Last month, I mentioned to a friend that I was going to re-read the novel Slaughterhouse-Five; I had read it in high school, but I wanted to re-read it as a mature adult. This prompted him to quote the saying that it's not youth that's wasted on the young, it's literature that's wasted on the young. (I did re-read the novel, which retains its power and interest after 50 years.)
But while doing some work to build a new course, I was looking at various texts on Fourier analysis, and on real analysis. This is mathematics I learned, or was supposed to have learned, when I was in college or graduate school. But undoubtedly my understanding was rather rough when I first learned these subjects. At one point last week, I was reading an online excerpt of a introductory (senior/first-year graduate) level real analysis text by Elias Stein. Stein was a leading analyst, and as I quickly realized, a lucid writer. I realized as I read the free excerpt of his text that I would certainly benefit, thirty-some years after completing graduate school, from studying again this level of mathematics. It occurred to me that perhaps mathematics can be wasted on the young, who are too inexperienced to really understand what's going on.
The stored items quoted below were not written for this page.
lemma theta_terms_mult_odd:
  fixes x y s :: "'a::field"
  assumes "x \<noteq> 0" "y \<noteq> 0" "s \<noteq> 0"
  shows "((- (x * y)) powi (a + b + 1) * s powi ((a + b + 1) * (a + b + 1) - (a + b + 1)))
           * ((- (x / y)) powi (a - b) * s powi ((a - b) * (a - b) - (a - b)))
         = - (x * y) * ((x\<^sup>2) powi a * (s\<^sup>2) powi (a * a + 0 * a) * ((y\<^sup>2) powi b * (s\<^sup>2) powi (b * b + 1 * b)))"
proof -
  have "(a + b + 1) + (a - b) = 2 * a + 1" "(a + b + 1) - (a - b) = 2 * b + 1"
    "(a + b + 1) * (a + b + 1) - (a + b + 1) + ((a - b) * (a - b) - (a - b))
      = 2 * ((a * a + 0 * a) + (b * b + 1 * b))"
    by (simp_all add: algebra_simps)
  then have "((- (x * y)) powi (a + b + 1) * s powi ((a + b + 1) * (a + b + 1) - (a + b + 1)))
        * ((- (x / y)) powi (a - b) * s powi ((a - b) * (a - b) - (a - b)))
      = (- 1) powi (2 * a + 1) * x powi (2 * a + 1) * y powi (2 * b + 1)
        * (s\<^sup>2) powi ((a * a + 0 * a) + (b * b + 1 * b))"
    by (simp only: theta_term_mult[OF assms] power_int_double)
  then show ?thesis
    using assms by (simp add: power_int_add_1 power_int_double) (simp add: power_int_add mult_ac)
qed

lemma theta_mult_theta:
  fixes s x y :: complex
  assumes s: "norm s < 1" "s \<noteq> 0" and xy: "x \<noteq> 0" "y \<noteq> 0"
  shows "theta s (x * y) * theta s (x / y)
       = x\<^sup>2 * theta_series (x\<^sup>2) (s\<^sup>2) 1 * theta_series (y\<^sup>2) (s\<^sup>2) 0
         - x * y * theta_series (x\<^sup>2) (s\<^sup>2) 0 * theta_series (y\<^sup>2) (s\<^sup>2) 1"
proof -
  define t where "t = (\<lambda>(m, n).
    ((- (x * y)) powi m * s powi (m * m - m)) * ((- (x / y)) powi n * s powi (n * n - n)))"
  have s2: "norm (s\<^sup>2) < 1" "s\<^sup>2 \<noteq> 0"
    using s norm_power_less_one[OF s(1), of 2] by simp_all
  have product: "(\<Sum>\<^sub>\<infinity>(a, b). u powi a * (s\<^sup>2) powi (a * a + c * a) * (v powi b * (s\<^sup>2) powi (b * b + d * b)))
      = theta_series u (s\<^sup>2) c * theta_series v (s\<^sup>2) d"
    if "u \<noteq> 0" "v \<noteq> 0" for u v c d
    using infsum_mult_infsum(2)[OF theta_series_norm_summable[OF s2 that(1)]
        theta_series_norm_summable[OF s2 that(2)]]
    by (simp add: theta_series_def)
  have "t summable_on UNIV" and t_sum: "infsum t UNIV = theta s (x * y) * theta s (x / y)"
    using infsum_mult_infsum[OF theta_norm_summable[OF s, of "x * y"] theta_norm_summable[OF s, of "x / y"]]
      xy
    by (simp_all add: t_def theta_def)
  moreover have "(\<Sum>\<^sub>\<infinity>(a, b). t (a + b + 1, a - b + 1))
      = x\<^sup>2 * (theta_series (x\<^sup>2) (s\<^sup>2) 1 * theta_series (y\<^sup>2) (s\<^sup>2) 0)"
    unfolding t_def case_prod_conv theta_terms_mult_even[OF xy s(2)]
    using xy by (simp add: infsum_cmult_right' case_prod_unfold flip: product)
  moreover have "(\<Sum>\<^sub>\<infinity>(a, b). t (a + b + 1, a - b))
      = - (x * y) * (theta_series (x\<^sup>2) (s\<^sup>2) 0 * theta_series (y\<^sup>2) (s\<^sup>2) 1)"
    unfolding t_def case_prod_conv theta_terms_mult_odd[OF xy s(2)]
    using xy by (simp add: infsum_uminus infsum_cmult_right' case_prod_unfold flip: product)
  ultimately show ?thesis
    using infsum_int_pairs_parity_split[of t] by (simp add: algebra_simps)
qed

lemma theta_three_term:
  fixes s x y u v :: complex
  assumes s: "norm s < 1" "s \<noteq> 0" and nz: "x \<noteq> 0" "y \<noteq> 0" "u \<noteq> 0" "v \<noteq> 0"
  shows "v * (theta s (x * y) * theta s (x / y) * (theta s (u * v) * theta s (u / v))
              - theta s (x * v) * theta s (x / v) * (theta s (u * y) * theta s (u / y)))
       = - u * (theta s (x * u) * theta s (x / u) * (theta s (v * y) * theta s (v / y)))"
proof -
  define A where "A z = theta_series (z\<^sup>2) (s\<^sup>2) 0" for z
  define B where "B z = theta_series (z\<^sup>2) (s\<^sup>2) 1" for z
  have F: "theta s (a * b) * theta s (a / b) = a\<^sup>2 * B a * A b - a * b * A a * B b"
    if "a \<noteq> 0" "b \<noteq> 0" for a b
    unfolding A_def B_def using theta_mult_theta[OF s that] .
  show ?thesis
    unfolding F[OF nz(1) nz(2)] F[OF nz(3) nz(4)] F[OF nz(1) nz(4)]
      F[OF nz(3) nz(2)] F[OF nz(1) nz(3)] F[OF nz(4) nz(2)]
    by (simp add: algebra_simps power2_eq_square)
qed

lemma theta_cube_identity:
  fixes q :: complex
  assumes q: "norm q < 1" "q \<noteq> 0"
  shows "theta (q ^ 3) q ^ 2 * theta (q ^ 3) (q\<^sup>2) ^ 2
         + theta (q ^ 3) (- q) ^ 2 * theta (q ^ 3) (- (q\<^sup>2)) ^ 2
       = theta (q ^ 3) (- (q ^ 3)) ^ 2 * theta (q ^ 3) (- (q\<^sup>2)) * theta (q ^ 3) (- 1)"
proof -
  define s where "s = q ^ 3"
  have s: "norm s < 1" "s \<noteq> 0"
    using q norm_power_less_one[OF q(1), of 3] by (simp_all add: s_def)
  have reflect: "theta s (q ^ 4) = theta s (q\<^sup>2)" "theta s (- (q ^ 4)) = theta s (- (q\<^sup>2))"
    using theta_symmetric[OF s(2), of "q\<^sup>2"] theta_symmetric[OF s(2), of "- (q\<^sup>2)"] q(2)
    by (simp_all add: s_def field_simps eval_nat_numeral)
  have inverse: "theta s (1 / z) = - (1 / z) * theta s z" if "z \<noteq> 0" for z
    using theta_inverse[OF s(2) that] .
  have "- q \<noteq> 0" "- (q ^ 3) \<noteq> 0"
    using q(2) by simp_all
  note inverse = inverse[OF q(2)] inverse[OF this(1)] inverse[OF this(2)]
  have "- (q ^ 3) * q = - (q ^ 4)" "- (q ^ 3) / q = - (q\<^sup>2)" "- (q ^ 3) * - q = q ^ 4"
    "- (q ^ 3) / - q = q\<^sup>2" "q * - q = - (q\<^sup>2)" "q / - q = - 1"
    using q(2) by (simp_all add: field_simps eval_nat_numeral)
  with theta_three_term[OF s, of 1 "- q" "- (q ^ 3)" q] q(2)
  have "q * (theta s (- q) * theta s (1 / - q) * (theta s (- (q ^ 4)) * theta s (- (q\<^sup>2)))
             - theta s q * theta s (1 / q) * (theta s (q ^ 4) * theta s (q\<^sup>2)))
      = q ^ 3 * (theta s (- (q ^ 3)) * theta s (1 / - (q ^ 3)) * (theta s (- (q\<^sup>2)) * theta s (- 1)))"
    by simp
  then have "q * (theta s q ^ 2 * theta s (q\<^sup>2) ^ 2 + theta s (- q) ^ 2 * theta s (- (q\<^sup>2)) ^ 2)
      = q * (theta s (- s) ^ 2 * theta s (- (q\<^sup>2)) * theta s (- 1))"
    unfolding reflect inverse using q(2)
    by (simp add: s_def field_simps power2_eq_square eval_nat_numeral)
  then show ?thesis
    using q(2) by (simp add: s_def)
qed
One lovely bit of mathematics in Stein's text in particular caught my attention: the definition of an outer measure in the theory of Lebesgue integration. This is as follows, for a set \(E\) in the real line: \[ m_*(E) = \inf \sum_{j=1}^\infty|I_j|,\] where the infimum is taken over all countable coverings of \(E\) by open intervals \(I_j\) (where \(|I_j|\) is the length of the interval \(I_j\)). Stein points out that this is different than the Jordan outer content defined by \[ J_*(E) = \inf \sum_{j=1}^n|I_j|,\] where the infimum is taken over all finite coverings of \(E\). I was surprised that that these would be different; that to make Lebesgue measure and integration work properly, it is necessary to to use countable covers. Stein refers to Exercise 14 in that chapter for an explanation: This exercise is to show that there is a countable set \(E\subset[0,1]\) such that \(m_*(E)=0\) but \(J_*(E)=1\). The exercise gives as a hint to show that \(J_*(E)=J_*(\overline{E})\), where \(\overline{E}\) is the closure of the set \(E\). The solution to the exercise is to let \(E=\mathbb Q\cap[0,1]\). Any cover of \(E\) by finitely many open intervals will cover all of \([0,1]\), forcing \(J_*(E)=1\). But if we enumerate \(E\) as \(\{r_1,r_2,r_3,\ldots\}\), we can cover \(E\) by a countable collection of open intervals of arbitrarily small total length: Let \(I_j=\big(-\epsilon/2^{j+1},\epsilon/2^{j+1}\big)\), so that \[\sum_{j=1}^\infty|I_j| = \sum_{j=1}^\infty \frac\epsilon{2^{j+1}}=\epsilon,\] forcing \(m_*(E)=0\).